[Start of Attachment]

lemma ex_is_sort_perm: "\<exists>\<pi>. is_sort_perm x n \<pi>"
proof -
  define \<rho> where "\<rho> i = (if i \<in> {1..n} then Suc (prec_rank x n i) else i)" for i
  have "inj_on \<rho> {1..n}"
  proof (rule inj_onI)
    fix i j
    assume ij: "i \<in> {1..n}" "j \<in> {1..n}" and "\<rho> i = \<rho> j"
    then have "prec_rank x n i = prec_rank x n j"
      by (simp add: \<rho>_def)
    then show "i = j"
      using ij by (rule inj_onD[OF inj_on_prec_rank])
  qed
  moreover have "\<rho> ` {1..n} \<subseteq> {1..n}"
    using prec_rank_less by (auto simp: \<rho>_def Suc_leI)
  ultimately have "bij_betw \<rho> {1..n} {1..n}"
    by (simp add: bij_betw_def endo_inj_surj)
  then have \<rho>: "\<rho> permutes {1..n}"
    by (rule bij_imp_permutes) (auto simp: \<rho>_def)
  define \<pi> where "\<pi> = inv \<rho>"
  have \<pi>: "\<pi> permutes {1..n}"
    unfolding \<pi>_def using \<rho> by (rule permutes_inv)
  have \<pi>_mem: "\<pi> i \<in> {1..n}" if "i \<in> {1..n}" for i
    using that by (simp only: permutes_in_image[OF \<pi>])
  have rank_\<pi>: "prec_rank x n (\<pi> i) = i - 1" if "i \<in> {1..n}" for i
  proof -
    have "\<rho> (\<pi> i) = i"
      unfolding \<pi>_def by (rule permutes_inverses(1)[OF \<rho>])
    then show ?thesis
      using \<pi>_mem[OF that] by (simp add: \<rho>_def)
  qed
  have "prec x (\<pi> i) (\<pi> j)" if ij: "i \<in> {1..n}" "j \<in> {1..n}" "i < j" for i j
  proof (rule ccontr)
    assume "\<not> prec x (\<pi> i) (\<pi> j)"
    moreover have "\<pi> i \<noteq> \<pi> j"
      using rank_\<pi>[OF ij(1)] rank_\<pi>[OF ij(2)] ij by auto
    ultimately have "prec x (\<pi> j) (\<pi> i)"
      using prec_total by blast
    then have "prec_rank x n (\<pi> j) < prec_rank x n (\<pi> i)"
      using \<pi>_mem[OF ij(2)] by (rule prec_rank_strict_mono)
    then show False
      using rank_\<pi>[OF ij(1)] rank_\<pi>[OF ij(2)] ij by simp
  qed
  then show ?thesis
    using \<pi> unfolding is_sort_perm_def by blast
qed

lemma is_sort_perm_unique:
  assumes "is_sort_perm x n \<pi>" "is_sort_perm x n \<sigma>"
  shows "\<pi> = \<sigma>"
proof
  fix i
  have \<pi>: "\<pi> permutes {1..n}" and \<sigma>: "\<sigma> permutes {1..n}"
    using assms by (simp_all add: is_sort_perm_def)
  show "\<pi> i = \<sigma> i"
  proof (cases "i \<in> {1..n}")
    case True
    have "prec_rank x n (\<pi> i) = prec_rank x n (\<sigma> i)"
      using prec_rank_sort_perm[OF assms(1) True] prec_rank_sort_perm[OF assms(2) True] by simp
    moreover have "\<pi> i \<in> {1..n}" "\<sigma> i \<in> {1..n}"
      using True by (simp_all only: permutes_in_image[OF \<pi>] permutes_in_image[OF \<sigma>])
    ultimately show ?thesis
      by (rule inj_onD[OF inj_on_prec_rank])
  next
    case False
    then show ?thesis
      using \<pi> \<sigma> by (simp add: permutes_not_in)
  qed
qed

lemma is_sort_perm_sort_perm: "is_sort_perm x n (sort_perm x n)"
proof -
  obtain \<pi> where \<pi>: "is_sort_perm x n \<pi>"
    using ex_is_sort_perm by blast
  show ?thesis
    unfolding sort_perm_def is_sort_perm_def[symmetric]
    by (rule theI[where P = "is_sort_perm x n", OF \<pi> is_sort_perm_unique[OF _ \<pi>]])
qed

section \<open>The set A(n,s)\<close>

lemma
  assumes "0 \<le> s"
  shows kmax_le: "kmax x n s \<le> n"
    and kmax_prefix_sum_le: "(\<Sum>i=1..kmax x n s. x (sort_perm x n i)) \<le> s"
proof -
  let ?P = "\<lambda>k. k \<le> n \<and> (\<Sum>i=1..k. x (sort_perm x n i)) \<le> s"
  have "?P (kmax x n s)"
    unfolding kmax_def by (rule GreatestI_nat[of ?P 0 n]) (use assms in auto)
  then show "kmax x n s \<le> n" "(\<Sum>i=1..kmax x n s. x (sort_perm x n i)) \<le> s"
    by simp_all
qed

lemma le_kmax:
  assumes "m \<le> n" "(\<Sum>i=1..m. x (sort_perm x n i)) \<le> s"
  shows "m \<le> kmax x n s"
  unfolding kmax_def
  by (rule Greatest_le_nat[of "\<lambda>k. k \<le> n \<and> (\<Sum>i=1..k. x (sort_perm x n i)) \<le> s" m n])
    (use assms in auto)

lemma Aset_subset:
  assumes "0 \<le> s"
  shows "Aset x n s \<subseteq> {1..n}"
proof
  fix i
  assume "i \<in> Aset x n s"
  then obtain a where a: "a \<in> {1..kmax x n s}" and i: "i = sort_perm x n a"
    unfolding Aset_def by blast
  have "sort_perm x n permutes {1..n}"
    using is_sort_perm_sort_perm by (simp add: is_sort_perm_def)
  moreover have "a \<in> {1..n}"
    using a kmax_le[OF assms, of x n] by simp
  ultimately show "i \<in> {1..n}"
    unfolding i by (simp only: permutes_in_image)
qed

definition prec_prefix_sum :: "(nat \<Rightarrow> real) \<Rightarrow> nat \<Rightarrow> nat \<Rightarrow> real" where
  "prec_prefix_sum x n i = (\<Sum>j=1..n. if prec x j i \<or> j = i then x j else 0)"

lemma prec_prefix_sum_sort_perm:
  assumes "is_sort_perm x n \<pi>" "a \<in> {1..n}"
  shows "prec_prefix_sum x n (\<pi> a) = (\<Sum>l=1..a. x (\<pi> l))"
proof -
  have \<pi>: "\<pi> permutes {1..n}"
    using assms(1) by (simp add: is_sort_perm_def)
  have "prec_prefix_sum x n (\<pi> a) = (\<Sum>l=1..n. if prec x (\<pi> l) (\<pi> a) \<or> \<pi> l = \<pi> a then x (\<pi> l) else 0)"
    unfolding prec_prefix_sum_def by (subst sum.permute[OF \<pi>]) simp
  also have "\<dots> = (\<Sum>l=1..n. if l \<le> a then x (\<pi> l) else 0)"
  proof (rule sum.cong)
    fix l
    assume l: "l \<in> {1..n}"
    have "prec x (\<pi> l) (\<pi> a) \<or> \<pi> l = \<pi> a \<longleftrightarrow> l < a \<or> l = a"
      unfolding is_sort_perm_prec_iff[OF assms(1) l assms(2)] inj_eq[OF permutes_inj[OF \<pi>]] ..
    then show "(if prec x (\<pi> l) (\<pi> a) \<or> \<pi> l = \<pi> a then x (\<pi> l) else 0) =
        (if l \<le> a then x (\<pi> l) else 0)"
      by auto
  qed simp
  also have "\<dots> = (\<Sum>l\<in>{l \<in> {1..n}. l \<le> a}. x (\<pi> l))"
    by (rule sum.inter_filter[symmetric]) simp
  also have "{l \<in> {1..n}. l \<le> a} = {1..a}"
    using assms(2) by auto
  finally show ?thesis .
qed

lemma Aset_eq_prefix_sum_le:
  assumes nonneg: "\<And>j. j \<in> {1..n} \<Longrightarrow> 0 \<le> x j" and "0 \<le> s"
  shows "Aset x n s = {i \<in> {1..n}. prec_prefix_sum x n i \<le> s}"
proof -
  define \<pi> where "\<pi> = sort_perm x n"
  define k where "k = kmax x n s"
  have sorted: "is_sort_perm x n \<pi>"
    unfolding \<pi>_def by (rule is_sort_perm_sort_perm)
  then have \<pi>: "\<pi> permutes {1..n}"
    by (simp add: is_sort_perm_def)
  have k: "k \<le> n" "(\<Sum>l=1..k. x (\<pi> l)) \<le> s"
    unfolding k_def \<pi>_def using kmax_le kmax_prefix_sum_le \<open>0 \<le> s\<close> by auto
  have mem_iff: "\<pi> a \<in> Aset x n s \<longleftrightarrow> prec_prefix_sum x n (\<pi> a) \<le> s" if a: "a \<in> {1..n}" for a
  proof -
    have "\<pi> a \<in> Aset x n s \<longleftrightarrow> a \<le> k"
      using a inj_image_mem_iff[OF permutes_inj[OF \<pi>]] unfolding Aset_def \<pi>_def k_def by auto
    also have "\<dots> \<longleftrightarrow> (\<Sum>l=1..a. x (\<pi> l)) \<le> s"
    proof
      assume "a \<le> k"
      then have "(\<Sum>l=1..a. x (\<pi> l)) \<le> (\<Sum>l=1..k. x (\<pi> l))"
        using k(1) nonneg permutes_in_image[OF \<pi>] by (intro sum_mono2) auto
      then show "(\<Sum>l=1..a. x (\<pi> l)) \<le> s"
        using k(2) by linarith
    next
      assume "(\<Sum>l=1..a. x (\<pi> l)) \<le> s"
      then show "a \<le> k"
        using a unfolding k_def \<pi>_def by (intro le_kmax) auto
    qed
    also have "\<dots> \<longleftrightarrow> prec_prefix_sum x n (\<pi> a) \<le> s"
      using prec_prefix_sum_sort_perm[OF sorted a] by simp
    finally show ?thesis .
  qed
  have "Aset x n s = {i \<in> {1..n}. i \<in> Aset x n s}"
    using Aset_subset[OF \<open>0 \<le> s\<close>] by blast
  also have "\<dots> = \<pi> ` {a \<in> {1..n}. \<pi> a \<in> Aset x n s}"
    by (rule permutes_Collect_eq_image[OF \<pi>])
  also have "\<dots> = \<pi> ` {a \<in> {1..n}. prec_prefix_sum x n (\<pi> a) \<le> s}"
    using mem_iff by (intro arg_cong[where f = "image \<pi>"]) auto
  also have "\<dots> = {i \<in> {1..n}. prec_prefix_sum x n i \<le> s}"
    by (rule permutes_Collect_eq_image[OF \<pi>, symmetric])
  finally show ?thesis .
qed

lemma Ncount_eq_sum:
  assumes "\<And>j. j \<in> {1..n} \<Longrightarrow> 0 \<le> x j" "0 \<le> s"
  shows "real (Ncount x n s) = (\<Sum>i=1..n. if prec_prefix_sum x n i \<le> s then 1 else 0)"
proof -
  have "real (Ncount x n s) = (\<Sum>i\<in>{i \<in> {1..n}. prec_prefix_sum x n i \<le> s}. 1)"
    using Aset_eq_prefix_sum_le[OF assms] by (simp add: Ncount_def)
  also have "\<dots> = (\<Sum>i=1..n. if prec_prefix_sum x n i \<le> s then 1 else 0)"
    by (rule sum.inter_filter) simp
  finally show ?thesis .
qed

lemma SA_eq_sum:
  assumes "\<And>j. j \<in> {1..n} \<Longrightarrow> 0 \<le> x j" "0 \<le> s"
  shows "SA x n s = (\<Sum>i=1..n. if prec_prefix_sum x n i \<le> s then x i else 0)"
proof -
  have "SA x n s = (\<Sum>i\<in>{i \<in> {1..n}. prec_prefix_sum x n i \<le> s}. x i)"
    using Aset_eq_prefix_sum_le[OF assms] by (simp add: SA_def)
  also have "\<dots> = (\<Sum>i=1..n. if prec_prefix_sum x n i \<le> s then x i else 0)"
    by (rule sum.inter_filter) simp
  finally show ?thesis .
qed

lemma Ncount_le:
  assumes "0 \<le> s"
  shows "Ncount x n s \<le> n"
  using card_mono[OF _ Aset_subset[OF assms]] by (simp add: Ncount_def)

[End of Attachment]

■ **REQUIREMENT**
Copy every line of the data above in which the string "nonneg" appears.

■ **EXERCISE RESULT**
  assumes nonneg: "\<And>j. j \<in> {1..n} \<Longrightarrow> 0 \<le> x j" and "0 \<le> s"
        using k(1) nonneg permutes_in_image[OF \<pi>] by (intro sum_mono2) auto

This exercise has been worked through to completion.